A l’heure où les relations amoureuses balancent entre réel et virtuel, Maïa Mazaurette, chroniqueuse de « La Matinale », nous invite à reconsidérer le périmètre de nos sexualités. Et d’y inclure ces pratiques ou pensées platoniques zèbrant nos quotidiens.

M le magazine du Monde | 15.07.2018 à 06h35 |Par Maïa Mazaurette

 A en croire les oiseaux de mauvais augure, nous serions toutes et tous devenus des obsédés sexuels, errant dans une société sur-sexuée, condamnés à ne penser qu’à « ça ». Très bien. Mais pendant que nous rejouons le mur des lamentations, les relations platoniques non seulement subsistent, mais prolifèrent, sous des formes anciennes et modernes.

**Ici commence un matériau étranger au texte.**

lemma oplus_nth [simp]: "oplus \<alpha> \<beta> $ i $ j = \<alpha> $ i + \<beta> $ j"
  by (simp add: oplus_def)

lemma inner_oplus:
  fixes P :: "real^'m::finite^'n::finite"
  shows "P \<bullet> oplus \<alpha> \<beta> = (\<Sum>i\<in>UNIV. \<alpha> $ i * (\<Sum>j\<in>UNIV. P $ i $ j)) + (\<Sum>j\<in>UNIV. \<beta> $ j * (\<Sum>i\<in>UNIV. P $ i $ j))"
proof -
  have "P \<bullet> oplus \<alpha> \<beta> = (\<Sum>i\<in>UNIV. \<Sum>j\<in>UNIV. \<alpha> $ i * P $ i $ j) + (\<Sum>i\<in>UNIV. \<Sum>j\<in>UNIV. \<beta> $ j * P $ i $ j)"
    by (simp add: inner_vec_def oplus_def algebra_simps sum.distrib)
  then show ?thesis
    by (simp add: sum_distrib_left sum.swap[of _ "UNIV :: 'n set"])
qed

lemma couplings_inner_oplus:
  assumes "P \<in> couplings p q"
  shows "P \<bullet> oplus \<alpha> \<beta> = p \<bullet> \<alpha> + q \<bullet> \<beta>"
  using assms unfolding couplings_def inner_oplus by (simp add: inner_vec_def mult.commute)

lemma dual_obj_shift:
  assumes "(\<Sum>i\<in>UNIV. p $ i) = 1" "(\<Sum>j\<in>UNIV. q $ j) = 1"
  shows "dual_obj \<Phi> p q (\<chi> i. \<alpha> $ i + c) (\<chi> j. \<beta> $ j - c) = dual_obj \<Phi> p q \<alpha> \<beta>"
proof -
  have "oplus (\<chi> i. \<alpha> $ i + c) (\<chi> j. \<beta> $ j - c) = oplus \<alpha> \<beta>"
    by (simp add: vec_eq_iff oplus_def)
  moreover have "p \<bullet> (\<chi> i. \<alpha> $ i + c) = p \<bullet> \<alpha> + (\<Sum>i\<in>UNIV. p $ i) * c"
    by (simp add: inner_vec_def distrib_left sum.distrib sum_distrib_right)
  moreover have "q \<bullet> (\<chi> j. \<beta> $ j - c) = q \<bullet> \<beta> - (\<Sum>j\<in>UNIV. q $ j) * c"
    by (simp add: inner_vec_def right_diff_distrib sum_subtractf sum_distrib_right)
  ultimately show ?thesis
    using assms by (simp add: dual_obj_def)
qed

lemma norm_le_if_oplus_bounded:
  fixes \<alpha> :: "real^'n::finite" and \<beta> :: "real^'m::finite"
  assumes bound: "\<forall>i j. \<bar>\<alpha> $ i + \<beta> $ j\<bar> \<le> R" and "\<beta> $ j0 = 0"
  shows "norm (\<alpha>, \<beta>) \<le> real CARD('n) * R + real CARD('m) * (2 * R)"
proof -
  have \<alpha>: "\<bar>\<alpha> $ i\<bar> \<le> R" for i
    using bound[rule_format, of i j0] \<open>\<beta> $ j0 = 0\<close> by simp
  have \<beta>: "\<bar>\<beta> $ j\<bar> \<le> 2 * R" for j
    using bound[rule_format, of undefined j] \<alpha>[of undefined] by linarith
  have "norm \<alpha> \<le> real CARD('n) * R"
    using norm_le_l1_cart[of \<alpha>] sum_bounded_above[of UNIV "\<lambda>i. \<bar>\<alpha> $ i\<bar>" R] \<alpha> by simp
  moreover have "norm \<beta> \<le> real CARD('m) * (2 * R)"
    using norm_le_l1_cart[of \<beta>] sum_bounded_above[of UNIV "\<lambda>j. \<bar>\<beta> $ j\<bar>" "2 * R"] \<beta> by simp
  ultimately show ?thesis
    using norm_Pair_le[of \<alpha> \<beta>] by linarith
qed

section \<open>Legendre transform of a strictly convex potential\<close>

locale strictly_convex_potential =
  fixes \<Phi> :: "real^'m::finite^'n::finite \<Rightarrow> real"
    and S :: "real^'m^'n \<Rightarrow> real^'m^'n"
  assumes strict: "strict_convex_on pos_mats \<Phi>"
    and grad: "\<forall>A\<in>pos_mats. (\<Phi> has_derivative (\<lambda>H. S A \<bullet> H)) (at A)"
    and surj: "S ` pos_mats = UNIV"
begin

lemma convex: "convex_on pos_mats \<Phi>"
  using strict by (rule strict_convex_on_imp_convex_on)

lemma continuous: "continuous_on pos_mats \<Phi>"
  using grad has_derivative_continuous continuous_at_imp_continuous_on by blast

lemma convex_tilted: "convex_on pos_mats (\<lambda>X. \<Phi> X - X \<bullet> u)"
  by (intro convex_on_diff convex concave_on_inner_left convex_pos_mats)

lemma gradient_inequality:
  assumes "X \<in> pos_mats" "Y \<in> pos_mats"
  shows "\<Phi> X + S X \<bullet> (Y - X) \<le> \<Phi> Y"
  using convex_on_gradient_inequality[OF convex] grad assms by blast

La première population concernée est évidemment celle des asexuels : dans cette catégorie, qui rassemblerait tout de même 1 % des Français, on ne ressent jamais de désir envers quiconque. Ce qui ne signifie pas qu’on n’ait pas envie de belles histoires d’amour (dans le cas contraire, on serait aromantique), ou qu’on ne connaisse aucune libido (les asexuels ont droit à la masturbation comme tout le monde). Les asexuels ont leurs sites de rencontre, leurs relations, leurs trajectoires… mais platoniques. C’est donc non seulement possible, mais plus acceptable que par le passé.

Viennent ensuite les couples non-asexuels ayant glissé sur la peau de banane du long-terme. Il existe des mariages sans sexe, parmi lesquels on peut inclure les mariages « presque » sans sexe : les chiffres varient selon les études, mais tournent autour de 15 % à 20 % d’unions concernées. Cette situation est rarement volontaire. On évoque l’ennui, la lassitude, la mauvaise entente, les dysfonctions éventuellement liées à l’âge, la maladie, les médicaments… Ou le report de l’intérêt pour le sexe sur des partenaires extraconjugaux.

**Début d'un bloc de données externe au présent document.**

text \<open>The value the Leibniz rule predicts for \<open>\<Phi> (snd ((x, 0) \<odot> prodB bs))\<close>.\<close>

primrec leibniz :: "'a \<Rightarrow> ('a \<times> 'f) list \<Rightarrow> complex" where
  "leibniz x [] = 0"
| "leibniz x (b # bs) = \<Phi> (snd b) * \<phi> (x * fst (prodB bs)) + leibniz (x * fst b) bs"

lemma leibniz_zero: "leibniz 0 bs = 0"
  by (induction bs) (simp_all add: phi_zero)

lemma leibniz_add_left: "leibniz (x + y) bs = leibniz x bs + leibniz y bs"
  by (induction bs arbitrary: x y) (simp_all add: algebra_simps phi_add)

lemma leibniz_additive:
  "leibniz x (pre @ (u + v) # post) = leibniz x (pre @ u # post) + leibniz x (pre @ v # post)"
proof (induction pre arbitrary: x)
  case Nil
  then show ?case by (simp add: algebra_simps Phi_add leibniz_add_left)
next
  case (Cons b pre)
  then show ?case by (simp add: algebra_simps phi_add bprod_append bprod_Cons bmul_add fst_bmul)
qed

lemma leibniz_conv_sum:
  "leibniz x bs = (\<Sum>k<length bs. \<Phi> (snd (bs ! k)) *
     \<phi> (x * prod_list (map fst (take k bs)) * prod_list (map fst (drop (Suc k) bs))))"
proof (induction bs arbitrary: x)
  case (Cons b bs)
  then show ?case by (simp add: sum.lessThan_Suc_shift fst_bprod mult.assoc del: sum.lessThan_Suc)
qed simp

end

locale B'_free_family = ncps_B' smA \<phi> smF lA rA \<Phi>
  for smA :: "complex \<Rightarrow> 'a::ring_1 \<Rightarrow> 'a" and \<phi> :: "'a \<Rightarrow> complex"
    and smF :: "complex \<Rightarrow> 'f::ring \<Rightarrow> 'f"
    and lA :: "'a \<Rightarrow> 'f \<Rightarrow> 'f" and rA :: "'f \<Rightarrow> 'a \<Rightarrow> 'f" and \<Phi> :: "'f \<Rightarrow> complex" +
  fixes I :: "'i set" and As :: "'i \<Rightarrow> 'a set" and Fs :: "'i \<Rightarrow> 'f set"
  assumes subalg_As: "\<forall>i\<in>I. subalg smA (As i) \<and> 1 \<in> As i"
    and subalg_Fs: "\<forall>i\<in>I. subalg smF (Fs i)"
    and B'_free: "Bprime_free smA \<phi> smF lA rA \<Phi> I As Fs"
begin

abbreviation "A\<^sub>0 \<equiv> gen_alg smA (\<Union>j\<in>I. As j)"
abbreviation "F\<^sub>0 \<equiv> gen_alg smF (\<Union>j\<in>I. Fs j)"

lemma A0_mult: "x \<in> A\<^sub>0 \<Longrightarrow> y \<in> A\<^sub>0 \<Longrightarrow> x * y \<in> A\<^sub>0"
  unfolding gen_alg_def subalg_def by blast

lemma As_in_A0: "j \<in> I \<Longrightarrow> x \<in> As j \<Longrightarrow> x \<in> A\<^sub>0"
  unfolding gen_alg_def by blast

lemma Fs_in_F0: "j \<in> I \<Longrightarrow> g \<in> Fs j \<Longrightarrow> g \<in> F\<^sub>0"
  unfolding gen_alg_def by blast

lemma As_mult: "j \<in> I \<Longrightarrow> x \<in> As j \<Longrightarrow> y \<in> As j \<Longrightarrow> x * y \<in> As j"
  and As_add: "j \<in> I \<Longrightarrow> x \<in> As j \<Longrightarrow> y \<in> As j \<Longrightarrow> x + y \<in> As j"
  and As_smA: "j \<in> I \<Longrightarrow> x \<in> As j \<Longrightarrow> smA c x \<in> As j"
  and As_one: "j \<in> I \<Longrightarrow> 1 \<in> As j"
  and As_zero: "j \<in> I \<Longrightarrow> 0 \<in> As j"
  using subalg_As unfolding subalg_def by auto

lemma Fs_mult: "j \<in> I \<Longrightarrow> f \<in> Fs j \<Longrightarrow> g \<in> Fs j \<Longrightarrow> f * g \<in> Fs j"
  using subalg_Fs unfolding subalg_def by auto

lemma one_A0: "I \<noteq> {} \<Longrightarrow> 1 \<in> A\<^sub>0"
  using As_one As_in_A0 by blast

lemma Phi_factorisation:
  "gs \<noteq> [] \<Longrightarrow> length cs = length gs + 1 \<Longrightarrow> set cs \<subseteq> A\<^sub>0 \<Longrightarrow> set gs \<subseteq> F\<^sub>0 \<Longrightarrow>
    \<Phi> (snd (prodB (interleave cs gs))) = Phi_formula (cs, gs)"
  using B'_free unfolding Bprime_free_def Let_def Phi_formula_def by simp

lemma Phi_alternating_zero:
  "length gs \<ge> 2 \<Longrightarrow> successively (\<noteq>) (map fst gs) \<Longrightarrow>
    (\<forall>(j, g) \<in> set gs. j \<in> I \<and> g \<in> Fs j) \<Longrightarrow> \<Phi> (fprod (map snd gs)) = 0"
  using B'_free unfolding Bprime_free_def by blast

section \<open>Moments of alternating products in the \<open>A\<^sub>i\<close>\<close>

definition centered :: "'a \<Rightarrow> 'a" where
  "centered c = c - smA (\<phi> c) 1"

lemma centered_in: "j \<in> I \<Longrightarrow> c \<in> As j \<Longrightarrow> centered c \<in> As j"
  unfolding centered_def using subalg_As by (intro subalg_diff[OF cvs_smA] As_smA As_one) auto

lemma phi_centered: "\<phi> (centered c) = 0"
  by (simp add: centered_def phi_diff phi_smA phi_one)

definition alternating_centered :: "('i \<times> 'a) list \<Rightarrow> bool" where
  "alternating_centered ts \<longleftrightarrow>
     successively (\<noteq>) (map fst ts) \<and> (\<forall>(j, c) \<in> set ts. j \<in> I \<and> c \<in> As j \<and> \<phi> c = 0)"

abbreviation aprod :: "('i \<times> 'a) list \<Rightarrow> 'a" where
  "aprod ts \<equiv> prod_list (map snd ts)"

lemma alternating_centered_Nil [simp]: "alternating_centered []"
  by (simp add: alternating_centered_def)

lemma alternating_centered_append:
  "alternating_centered (xs @ ys) \<longleftrightarrow> alternating_centered xs \<and> alternating_centered ys \<and>
     (xs = [] \<or> ys = [] \<or> fst (last xs) \<noteq> fst (hd ys))"
  unfolding alternating_centered_def by (auto simp: successively_append_iff last_map hd_map)

lemma alternating_centered_Cons:
  "alternating_centered (x # xs) \<longleftrightarrow> fst x \<in> I \<and> snd x \<in> As (fst x) \<and> \<phi> (snd x) = 0 \<and>
     alternating_centered xs \<and> (xs = [] \<or> fst x \<noteq> fst (hd xs))"
  unfolding alternating_centered_def by (cases x; cases xs) auto

lemma alternating_centered_take: "alternating_centered xs \<Longrightarrow> alternating_centered (take k xs)"
  and alternating_centered_drop: "alternating_centered xs \<Longrightarrow> alternating_centered (drop k xs)"
  using alternating_centered_append[of "take k xs" "drop k xs"] by simp_all

lemma phi_aprod_zero: "alternating_centered ts \<Longrightarrow> ts \<noteq> [] \<Longrightarrow> \<phi> (aprod ts) = 0"
  using B'_free unfolding Bprime_free_def alternating_centered_def by blast

lemma aprod_in_A0: "alternating_centered X \<Longrightarrow> I \<noteq> {} \<Longrightarrow> aprod X \<in> A\<^sub>0"
  by (induction X) (auto simp: alternating_centered_Cons A0_mult one_A0 As_in_A0)

text \<open>Centering \<open>D\<close> makes \<open>X D Y\<close> alternating, so only the scalar part of \<open>D\<close> survives.\<close>

lemma phi_factor_out_middle:
  assumes "alternating_centered X" "alternating_centered Y" "j \<in> I" "D \<in> As j"
    and "X \<noteq> [] \<Longrightarrow> fst (last X) \<noteq> j" "Y \<noteq> [] \<Longrightarrow> fst (hd Y) \<noteq> j"
  shows "\<phi> (aprod X * D * aprod Y) = \<phi> D * \<phi> (aprod X * aprod Y)"
proof -
  have "alternating_centered (X @ (j, centered D) # Y)"
    using assms centered_in phi_centered by (auto simp: alternating_centered_append alternating_centered_Cons)
  then have "\<phi> (aprod X * centered D * aprod Y) = 0"
    using phi_aprod_zero by (fastforce simp: mult.assoc)
  moreover have "aprod X * D * aprod Y = aprod X * centered D * aprod Y + smA (\<phi> D) (aprod X * aprod Y)"
    by (simp add: centered_def algebra_simps smA_mult)
  ultimately show ?thesis by (simp add: phi_add phi_smA)
qed

lemma phi_sandwich_zero:
  assumes "alternating_centered Y" "Y \<noteq> []" "fst (hd Y) \<noteq> j" "fst (last Y) \<noteq> j"
    and "j \<in> I" "x \<in> As j" "y \<in> As j"
  shows "\<phi> (x * aprod Y * y) = 0"
proof -
  have Y': "alternating_centered (Y @ [(j, centered y)])"
    using assms centered_in phi_centered by (auto simp: alternating_centered_append alternating_centered_Cons)
  have "\<phi> (x * aprod (Y @ [(j, centered y)])) = \<phi> x * \<phi> (aprod (Y @ [(j, centered y)]))"
    using phi_factor_out_middle[of "[]" "Y @ [(j, centered y)]" j x] Y' assms by simp
  also have "\<dots> = 0" using phi_aprod_zero[OF Y'] by simp
  finally have "\<phi> (x * aprod (Y @ [(j, centered y)])) = 0" .
  moreover have "\<phi> (x * aprod Y) = \<phi> x * \<phi> (aprod Y)"
    using phi_factor_out_middle[of "[]" Y j x] assms by simp
  moreover have "x * aprod Y * y = x * aprod (Y @ [(j, centered y)]) + smA (\<phi> y) (x * aprod Y)"
    by (simp add: centered_def algebra_simps smA_mult)
  ultimately show ?thesis using phi_aprod_zero[OF assms(1,2)] by (simp add: phi_add phi_smA)
qed

lemma phi_aprod_aprod:
  "alternating_centered X \<Longrightarrow> alternating_centered Y \<Longrightarrow> \<phi> (aprod X * aprod Y) =
     (if map fst (rev X) = map fst Y then \<Prod>l<length Y. \<phi> (snd (rev X ! l) * snd (Y ! l)) else 0)"
proof (induction Y arbitrary: X)
  case Nil
  then show ?case using phi_aprod_zero[of X] by (cases X) (auto simp: phi_one)
next
  case (Cons y Y)
  obtain j b where y: "y = (j, b)" by (cases y)
  show ?case
  proof (cases X rule: rev_cases)
    case Nil
    then show ?thesis using phi_aprod_zero[OF Cons.prems(2)] by simp
  next
    case (snoc X' x)
    obtain k a where x: "x = (k, a)" by (cases x)
    show ?thesis
    proof (cases "k = j")
      case False
      have "alternating_centered (X @ y # Y)"
        using Cons.prems False snoc x y by (simp add: alternating_centered_append alternating_centered_Cons)
      then have "\<phi> (aprod (X @ y # Y)) = 0" using phi_aprod_zero by blast
      then show ?thesis using False snoc x y by (simp add: mult.assoc)
    next
      case True
      have X': "alternating_centered X'" and Y: "alternating_centered Y"
        using Cons.prems snoc by (auto simp: alternating_centered_append alternating_centered_Cons)
      have j: "j \<in> I" and ab: "a * b \<in> As j"
        using Cons.prems snoc x y True by (auto simp: alternating_centered_append alternating_centered_Cons As_mult)
      have "X' \<noteq> [] \<Longrightarrow> fst (last X') \<noteq> j"
        using Cons.prems(1) snoc x True by (auto simp: alternating_centered_append)
      moreover have "Y \<noteq> [] \<Longrightarrow> fst (hd Y) \<noteq> j"
        using Cons.prems(2) y by (auto simp: alternating_centered_Cons)
      moreover have "aprod X * aprod (y # Y) = aprod X' * (a * b) * aprod Y"
        using snoc x y by (simp add: mult.assoc)
      ultimately have "\<phi> (aprod X * aprod (y # Y)) = \<phi> (a * b) * \<phi> (aprod X' * aprod Y)"
        using phi_factor_out_middle[OF X' Y j ab] by simp
      then show ?thesis using Cons.IH[OF X' Y] snoc x y True
        by (simp add: prod.lessThan_Suc_shift del: prod.lessThan_Suc)
    qed
  qed
qed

Platonisme sur la durée ou pour un temps

D’autres choisissent de jeter l’éponge pour des raisons personnelles, pragmatiques, religieuses. Parce que ça ne les intéresse pas, ou plus, ou pas pour le moment. La plupart des groupes passeront par des étapes platoniques autour des périodes de grossesse, et s’en remettront (pire encore, ils se reproduiront !). Sans même parler des moments de séparation, plus ou moins prolongés, ponctués de rapports intermédiaires mi-virtuels mi-réels, allant du sexto érotique à l’amour via webcam.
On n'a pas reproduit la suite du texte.